Dataset entries:
↓

lemma X_set_meets_component:
  assumes "S \<in> Xs V E" and "v \<in> V"
  shows "S \<inter> component_of V E v \<noteq> {}"
proof (cases "connected_on V E")
  case True
  have "S \<subseteq> V" "S \<noteq> {}"
    using assms(1) X_set_subset empty_not_X_set[OF X_set_param graph] by auto
  with True \<open>v \<in> V\<close> show ?thesis by (simp add: connected_on_component_of Int_absorb2)
next
  case False
  have "component_of V E v \<in> components V E"
    using \<open>v \<in> V\<close> by (simp add: components_eq_image)
  then have "S \<inter> component_of V E v \<in> Xs (component_of V E v) (E \<inter> component_of V E v \<times> component_of V E v)"
    using X_set_iff_components[OF X_set_param graph False] assms(1) by blast
  then show ?thesis
    using empty_not_X_set[OF X_set_param is_graph_component_of[OF graph \<open>v \<in> V\<close>]] by auto
qed

lemma ex_X_set_avoiding:
  assumes "S \<in> Xs V E" and "w \<in> V" and "\<not> isolated V E w"
  shows "\<exists>T\<in>Xs V E. w \<notin> T"
proof (cases "connected_on V E")
  case True
  have "\<not> isolated V E z" if "z \<in> V" for z
    using component_of_no_isolated[OF graph \<open>w \<in> V\<close> \<open>\<not> isolated V E w\<close> refl, of z]
      connected_on_component_of[OF True \<open>w \<in> V\<close>] that
    by (simp add: isolated_def)
  then have "V - {w} \<in> Xs V E"
    using X_set_card_minus_one[OF X_set_param graph] finite_vertices \<open>w \<in> V\<close> by simp
  then show ?thesis by blast
next
  case False
  define C where "C = component_of V E w"
  have "sym E" using graph by (simp add: is_graph_def)
  have "w \<in> C" unfolding C_def using \<open>w \<in> V\<close> by (rule component_of_self)
  have "C \<subseteq> V" unfolding C_def by (rule component_of_subset)
  then have "finite C" using finite_vertices by (rule finite_subset)
  have "C - {w} \<in> Xs C (E \<inter> C \<times> C)"
    using X_set_card_minus_one[OF X_set_param is_graph_component_of[OF graph \<open>w \<in> V\<close>]]
      component_of_no_isolated[OF graph \<open>w \<in> V\<close> \<open>\<not> isolated V E w\<close>]
      \<open>w \<in> C\<close> \<open>finite C\<close>
    by (simp add: C_def)
  define T where "T = (S - C) \<union> (C - {w})"
  have "T \<inter> C' \<in> Xs C' (E \<inter> C' \<times> C')" if "C' \<in> components V E" for C'
  proof (cases "C' = C")
    case True
    have "T \<inter> C = C - {w}" unfolding T_def by blast
    with \<open>C - {w} \<in> Xs C (E \<inter> C \<times> C)\<close> True show ?thesis by simp
  next
    case False
    then have "C \<inter> C' = {}"
      using that component_of_disjoint[OF \<open>sym E\<close>] by (auto simp: C_def components_eq_image)
    then have "T \<inter> C' = S \<inter> C'" unfolding T_def by blast
    then show ?thesis
      using X_set_iff_components[OF X_set_param graph \<open>\<not> connected_on V E\<close>] assms(1) that by simp
  qed
  moreover have "T \<subseteq> V" unfolding T_def using X_set_subset[OF assms(1)] \<open>C \<subseteq> V\<close> by blast
  ultimately have "T \<in> Xs V E"
    using X_set_iff_components[OF X_set_param graph \<open>\<not> connected_on V E\<close>] by blast
  moreover have "w \<notin> T" unfolding T_def using \<open>w \<in> C\<close> by blast
  ultimately show ?thesis by blast
qed

lemma least_X_set_eq_vertices:
  assumes "M \<in> Xs V E" and least: "\<And>T. T \<in> Xs V E \<Longrightarrow> M \<subseteq> T"
  shows "M = V"
proof (rule ccontr)
  assume "M \<noteq> V"
  then obtain u where "u \<in> V" "u \<notin> M" using X_set_subset[OF assms(1)] by blast
  then obtain w where w: "w \<in> M" "w \<in> component_of V E u"
    using X_set_meets_component[OF assms(1)] by blast
  have "sym E" using graph by (simp add: is_graph_def)
  have "w \<in> V" using w(2) by (rule component_of_subset[THEN subsetD])
  have "u \<in> component_of V E w"
    using component_of_eq[OF \<open>sym E\<close> w(2)] component_of_self[OF \<open>u \<in> V\<close>] by simp
  then have "\<not> isolated V E w"
    using component_of_isolated \<open>u \<notin> M\<close> \<open>w \<in> M\<close> by fastforce
  then obtain T where "T \<in> Xs V E" "w \<notin> T"
    using ex_X_set_avoiding[OF assms(1) \<open>w \<in> V\<close>] by blast
  then show False using least \<open>w \<in> M\<close> by blast
qed

lemma ex_minimal_X_set_subset:
  assumes "S \<in> Xs V E"
  shows "\<exists>M\<subseteq>S. minimal_X_set Xs V E M"
proof -
  have "finite (Xs V E)"
    using X_sets_subset_Pow[OF X_set_param graph] finite_vertices by (simp add: finite_subset)
  then obtain M where "M \<in> Xs V E" "M \<subseteq> S" "\<forall>T\<in>Xs V E. T \<subseteq> M \<longrightarrow> M = T"
    using finite_has_minimal2[OF _ assms] by blast
  then show ?thesis unfolding minimal_X_set_def by blast
qed

lemma finite_minimal_X_set_cards: "finite ({card S | S. minimal_X_set Xs V E S} \<union> {0})"
proof -
  have "{card S | S. minimal_X_set Xs V E S} \<subseteq> {..card V}"
    using X_set_subset finite_vertices by (auto simp: minimal_X_set_def intro: card_mono)
  then show ?thesis using finite_subset by blast
qed

lemma card_minimal_X_set_le_X_upper: "minimal_X_set Xs V E M \<Longrightarrow> card M \<le> X_upper Xs V E"
  unfolding X_upper_def using finite_minimal_X_set_cards by (intro Max_ge) auto

lemma ex_minimal_X_set_card_X_upper:
  assumes "S \<in> Xs V E"
  obtains M where "minimal_X_set Xs V E M" and "card M = X_upper Xs V E"
proof -
  obtain M0 where M0: "minimal_X_set Xs V E M0"
    using ex_minimal_X_set_subset[OF assms] by blast
  have "X_upper Xs V E \<in> {card S | S. minimal_X_set Xs V E S} \<union> {0}"
    unfolding X_upper_def using finite_minimal_X_set_cards by (intro Max_in) auto
  moreover have "X_upper Xs V E \<noteq> 0"
  proof
    assume "X_upper Xs V E = 0"
    then have "M0 = {}"
      using card_minimal_X_set_le_X_upper[OF M0] finite_X_set M0
      by (simp add: minimal_X_set_def)
    then show False using M0 empty_not_X_set[OF X_set_param graph] by (simp add: minimal_X_set_def)
  qed
  ultimately show ?thesis using that by auto
qed

lemma TAR_connected_Suc:
  assumes "X_upper Xs V E < k" and "TAR_connected Xs V E k"
  shows "TAR_connected Xs V E (Suc k)"
  unfolding TAR_connected_def
proof (rule connected_on_extend[OF assms(2)[unfolded TAR_connected_def] _ TAR_adj_sym])
  show "TAR_vertices Xs V E k \<subseteq> TAR_vertices Xs V E (Suc k)"
    by (auto simp: TAR_vertices_def)
  fix S assume S: "S \<in> TAR_vertices Xs V E (Suc k)"
  show "\<exists>S'\<in>TAR_vertices Xs V E k. S = S' \<or> (S, S') \<in> TAR_adj"
  proof (cases "card S \<le> k")
    case True
    then show ?thesis using S by (auto simp: TAR_vertices_def)
  next
    case False
    with S have "card S = Suc k" "S \<in> Xs V E" by (auto simp: TAR_vertices_def)
    then have "\<not> minimal_X_set Xs V E S"
      using card_minimal_X_set_le_X_upper assms(1) by fastforce
    then obtain T where "T \<subset> S" "T \<in> Xs V E"
      using \<open>S \<in> Xs V E\<close> unfolding minimal_X_set_def by blast
    then obtain v where "v \<in> S" "T \<subseteq> S - {v}" by blast
    then have "S - {v} \<in> Xs V E"
      using X_set_superset[OF X_set_param graph \<open>T \<in> Xs V E\<close>] X_set_subset[OF \<open>S \<in> Xs V E\<close>]
      by blast
    moreover have "card (S - {v}) = k"
      using \<open>card S = Suc k\<close> \<open>v \<in> S\<close> by simp
    ultimately show ?thesis
      using TAR_adj_Diff_singleton[OF \<open>v \<in> S\<close>] by (auto simp: TAR_vertices_def)
  qed
qed

lemma TAR_connected_mono:
  assumes "X_upper Xs V E < k" and "TAR_connected Xs V E k" and "k \<le> k'"
  shows "TAR_connected Xs V E k'"
  using \<open>k \<le> k'\<close>
proof (induction k' rule: dec_induct)
  case base
  show ?case using assms(2) .
next
  case (step n)
  with assms(1) show ?case by (intro TAR_connected_Suc) auto
qed

lemma TAR_vertices_card_ge:
  assumes "card V \<le> k"
  shows "TAR_vertices Xs V E k = TAR_vertices Xs V E (card V)"
  using assms X_set_subset finite_vertices
  by (auto simp: TAR_vertices_def intro: card_mono order_trans)

lemma TAR_vertices_card_minimal:
  assumes M: "minimal_X_set Xs V E M" and conn: "TAR_connected Xs V E (card M)"
  shows "TAR_vertices Xs V E (card M) = {M}"
proof -
  let ?W = "TAR_vertices Xs V E (card M)"
  have "M \<in> ?W" using M by (simp add: TAR_vertices_def minimal_X_set_def)
  moreover have "S = M" if "S \<in> ?W" for S
  proof (rule ccontr)
    assume "S \<noteq> M"
    have "(M, S) \<in> (TAR_adj \<inter> ?W \<times> ?W)\<^sup>*"
      using conn \<open>M \<in> ?W\<close> \<open>S \<in> ?W\<close> unfolding TAR_connected_def connected_on_def by blast
    then obtain S' where "(M, S') \<in> TAR_adj" "S' \<in> ?W"
      by (cases rule: converse_rtranclE) (use \<open>S \<noteq> M\<close> in blast)+
    then have "S' \<in> Xs V E" "card S' \<le> card M" "finite S'"
      using finite_X_set by (auto simp: TAR_vertices_def)
    from TAR_adj_psubset[OF \<open>(M, S') \<in> TAR_adj\<close>] show False
    proof
      assume "M \<subset> S'"
      with \<open>finite S'\<close> have "card M < card S'" by (rule psubset_card_mono)
      with \<open>card S' \<le> card M\<close> show False by simp
    next
      assume "S' \<subset> M"
      with M \<open>S' \<in> Xs V E\<close> show False by (simp add: minimal_X_set_def)
    qed
  qed
  ultimately show ?thesis by blast
qed

lemma not_TAR_connected_X_upper:
  assumes "X_upper Xs V E < card V"
  shows "\<not> TAR_connected Xs V E (X_upper Xs V E)"
proof
  assume conn: "TAR_connected Xs V E (X_upper Xs V E)"
  then obtain S where "S \<in> Xs V E"
    unfolding TAR_connected_def connected_on_def TAR_vertices_def by blast
  then obtain M where M: "minimal_X_set Xs V E M" and "card M = X_upper Xs V E"
    by (rule ex_minimal_X_set_card_X_upper)
  then have single: "TAR_vertices Xs V E (X_upper Xs V E) = {M}"
    using TAR_vertices_card_minimal conn by metis
  have "M \<subseteq> T" if T: "T \<in> Xs V E" for T
  proof -
    obtain M' where "M' \<subseteq> T" "minimal_X_set Xs V E M'"
      using ex_minimal_X_set_subset[OF T] by blast
    then have "M' \<in> TAR_vertices Xs V E (X_upper Xs V E)"
      using card_minimal_X_set_le_X_upper by (simp add: TAR_vertices_def minimal_X_set_def)
    with single \<open>M' \<subseteq> T\<close> show ?thesis by blast
  qed
  then have "M = V"
    using least_X_set_eq_vertices M by (simp add: minimal_X_set_def)
  then show False using assms \<open>card M = X_upper Xs V E\<close> by simp
qed

lemma TAR_connected_above_x0:
  assumes "x0 Xs V E \<le> i" and "i \<le> card V"
  shows "TAR_connected Xs V E i"
proof -
  have "\<forall>i. x0 Xs V E \<le> i \<and> i \<le> card V \<longrightarrow> TAR_connected Xs V E i"
    unfolding x0_def by (rule LeastI[of _ "Suc (card V)"]) auto
  with assms show ?thesis by blast
qed

lemma x0_lower_le_card:
  assumes "TAR_connected Xs V E k"
  shows "x0_lower Xs V E \<le> card V"
proof -
  have "TAR_connected Xs V E (min k (card V))"
  proof (cases "k \<le> card V")
    case False
    then have "TAR_vertices Xs V E k = TAR_vertices Xs V E (card V)"
      by (intro TAR_vertices_card_ge) simp
    with assms False show ?thesis by (simp add: TAR_connected_def)
  qed (use assms in simp)
  then have "x0_lower Xs V E \<le> min k (card V)"
    unfolding x0_lower_def by (rule Least_le)
  then show ?thesis by simp
qed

↑

__WHAT IS NEEDED__.
What lines in the data above contain the word "noteq"? Copy them all.

__RESULT OF THE EXERCISE__.
  shows "S \<inter> component_of V E v \<noteq> {}"
  have "S \<subseteq> V" "S \<noteq> {}"
  assume "M \<noteq> V"
  moreover have "X_upper Xs V E \<noteq> 0"
    assume "S \<noteq> M"
      by (cases rule: converse_rtranclE) (use \<open>S \<noteq> M\<close> in blast)+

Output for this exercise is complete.